"If you were going to use it, you would have," he said. "Put it down."
"Here's how it is," she said. "I found your photograph albums. I'm pretty sure there are other things-I'm guessing the still pictures were image grabs taken from video-but it doesn't matter. I'm also pretty sure a few of those women are dead. And I think one of them-the first one in the second album-is Susan Shelby."
"So here we are," Martel said. "What do you think the trade ought to be"
"I'll teach you something about yourself. Then you'll clear Shelby."
Jane had already begun to walk. She sidestepped slowly, steadily, around the back of the big chair. She stepped close to the heavy wooden furniture along the wall, her gun on him, aimed always at the center of his chest.
Martel could not allow her to use his sideboard and the heavy cabinets to shield herself from his fire. He moved away from her along the wall, circling. He detested the weakness of appearing to retreat from her. He had to find a way to reassert his dominance, to expose the fear she must be feeling, and deflate her empty bravado.
He was near the wing chair now. He noticed the glass of tequila she had poured herself on his coffee table beside the bottle. Keeping his eyes on hers, he bent his knees, took up the glass, sniffed it, smelled the tequila, and took a drink. He winced. It tasted much rougher than he'd expected-almost corrosive. He smacked his lips. "A little strong for you"
Jane shrugged. "It's almost pure."
He lifted the bottle and poured a little more over the ice, then took another drink. A few seconds passed, and then his eyes widened, and he gripped his belly. His face assumed a grimace and for the first time he seemed to forget to keep his eyes on Jane. He bent over, facing the floor. Both hands were on his knees. "I get it," he said. "What am I supposed to do How do I stop this"
"You're not supposed to do anything," she said. "You don't stop it."
His head jerked upward, and then he raised his gun. He pulled the trigger, but there was only a click. He held on to the empty gun. "Give me the antidote!" He seemed to become more determined. When he bent over in pain, he dropped the gun, jammed his trigger finger down his throat, and began to retch, but nothing came out.
Jane stood where she was. "Throw up, cut your head off-whatever you like. What I came to teach you wasn't that you were scared. It was that you were stupid."
He kept trying a few more times, but he couldn't get his vomit reflex to work now because the neurotoxin was taking over. He lost his balance and fell to the floor. He rocked back and forth, holding his belly for a few minutes, and went into convulsions. Then he lay still.
Jane put on her surgical gloves as she watched. She picked up his gun from the floor, using only the pen from her purse in the barrel, and set it on the coffee table beside the glass of hemlock distillate and tequila. She set the full magazine she had removed from the pistol beside it, then carefully pressed the magazine release with the pen so she could remove the empty one she had inserted.
She walked into his office and brought out his laptop computer. She plugged it in and read over the confession and suicide note she had written on the laptop. It was filled with the remorse and self-loathing he never had felt. The crime that the note claimed he regretted most was the murder of Susan Shelby and the framing of her husband for it. But there had been many other crimes. Jane saved the note, then knelt beside the body and pressed the fingers on the proper keys-the right hand on J, K, L, and all the right-side keys, and the left on A, S, D, F and all the left-side keys. Then she brought back the final note and left it on the screen. There was no printer in the house, so she was relieved of the chore of forging his signature.
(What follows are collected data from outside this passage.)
theorem lemma2p2:
  fixes A B :: "'a set" and b z g h :: "'a word" and i :: int
  assumes disj: "A \<inter> B = {}"
    and b_red: "freely_reduced b" and b_sub: "in_gen_subgroup (gens B) b"
    and z_in: "in_free_group (A \<union> B) z"
    and z_ne: "z \<noteq> []" and z_hd: "fst (hd z) \<in> A" and z_last: "fst (last z) \<in> A"
    and not_pp: "\<not> proper_power (A \<union> B) (fmult z b)"
    and g_in: "in_free_group (A \<union> B) g" and h_in: "in_free_group (A \<union> B) h"
    and eq: "fpow (fmult z b) i = fmult g (fmult z h)"
    and red: "freely_reduced (g @ z @ h)"
  shows "i \<ge> 1 \<and> in_gen_subgroup {fmult z b} g"
proof -
  have b_A: "\<forall>l\<in>set b. fst l \<notin> A"
    using letters_in_gen_subgroup_gens[OF b_sub] disj by auto
  have z_red: "freely_reduced z"
    using z_in by (simp add: in_free_group_def)
  have w_red: "freely_reduced (z @ b)"
    using z_red b_red b_A z_last by (auto simp: freely_reduced_append) (metis fst_inv_letter hd_in_set)
  then have w: "fmult z b = z @ b" and pow: "fpow (z @ b) i = g @ z @ h"
    using eq red by (simp_all add: fmult_def reduce_append_reduce reduce_freely_reduced)
  show ?thesis
  proof (cases "cyclically_reduced (z @ b)")
    case True
    have "in_free_group (A \<union> B) (z @ b)"
      using z_in w_red letters_in_gen_subgroup_gens[OF b_sub] by (auto simp: in_free_group_def)
    then have "\<not> (\<exists>s t. s \<noteq> [] \<and> t \<noteq> [] \<and> s @ t = t @ s \<and> z @ b = s @ t)"
      using not_pp w proper_power_if_commuting_factors by metis
    then obtain q where "0 < i" "g = concat (replicate q (z @ b))"
      using factor_of_power_cyclic[OF b_A z_red z_ne z_hd z_last True pow] by blast
    then show ?thesis
      using concat_replicate_in_gen_subgroup[OF True] w by simp
  next
    case False
    then have "b = []"
      using w_red b_A z_hd z_ne by (auto simp: cyclically_reduced_iff) (metis last_appendR last_in_set)
    then show ?thesis
      using factor_of_power_noncyclic[OF z_red z_ne, of i g h] pow False by (simp add: gen_one)
  qed
qed

end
The fact that his prints were on the gun, the glass of poison, the bottle, and the computer keyboard would be sufficient. She went back into the kitchen and left the bottle of Cicuta maculata poison she had brought, so there would be no question of why cicutoxin was found only in the drink and the tequila. She went to the den again and brought out the two photograph albums. She opened the second one to the pictures of what must have been the last hour of Susan Shelby's life, and propped the other album to keep it open.
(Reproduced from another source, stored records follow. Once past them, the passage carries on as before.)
text \<open>The grid indices form the group \<open>\<int>\<^sup>d / (2n)\<int>\<^sup>d\<close>, with \<open>Omega n\<close> as a system of
  representatives, and the kernel and the characters \<open>x \<mapsto> e\<^sup>i\<^sup>j\<^sup>\<cdot>\<^sup>x\<close> are \<open>2\<pi>\<close>-periodic. Hence
  grid sums of periodic functions are invariant under translations and reflections of the
  index, and the characters are orthogonal on the grid. Translation invariance turns
  \<open>\<rho>\<^sub>j(x\<^sub>p)\<close> into \<open>cos(j\<cdot>x\<^sub>p) \<rho>\<^sub>j(0)\<close>, so by orthogonality the fundamental spline is \<open>1\<close> at
  \<open>x\<^sub>0\<close> and \<open>0\<close> at the other nodes, which gives interpolation; expanding the \<open>\<rho>\<^sub>j\<close> shows that
  its translates are sk-splines. Conversely, for \<open>j \<noteq> 0\<close> the \<open>j\<close>-th discrete Fourier coefficient
  of the grid values of an sk-spline is \<open>N \<rho>\<^sub>j(0)/2\<close> times that of its coefficient vector. If the
  spline vanishes on the grid, all Fourier coefficients of its coefficient vector vanish (the
  \<open>0\<close>-th by the side condition \<open>\<Sum> c\<^sub>k = 0\<close>), and Fourier inversion kills the coefficients.\<close>

definition index_mod :: "nat^'d::finite \<Rightarrow> int^'d \<Rightarrow> int^'d" where
  "index_mod n k = (\<chi> i. k$i mod (2 * int (n$i)))"

definition lattice_vec :: "('d::finite \<Rightarrow> int) \<Rightarrow> real^'d" where
  "lattice_vec m = (\<chi> i. 2 * pi * of_int (m i))"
Jane went through the house making sure everything else was the way she had found it, and there was nothing left that she had touched bare-handed. She went into the bedroom and found the video camera. She saw it was turned off, but turned it on, pressed the rewind button, then pressed "play," and watched the viewfinder just to be sure nothing had been taped. She rewound it and turned it off. It struck her that if Martel had gotten his way, he would have been taping himself killing her just about now. She went back through the living room to the entry.
It was dark out when she opened the door. She set the lock button and closed the door before she took off her surgical gloves. She used one to hold Martel's spare key to lock the bolt from outside. As she walked away, she felt as though she had just lit a very long fuse.
The gray Honda moved onto the interstate and out of the vicinity of Indianapolis, and then out of Indiana entirely. It was as though over a period of less than two days, a small shadow had passed over the town, and if people had seen it they had not separated it in their minds from all of the other variations in light and dark that had come and gone.
As Jane drove, thoughts of death had already receded and become distant to her-once again, just one of the things that she knew. What she was thinking was that right now it was time for Jane McKinnon to go home while there was still enough left of her marriage to coax back to life. She was almost certain that, even with the new scars to remind him of her imperfection, she would be able to make Carey glad she was back.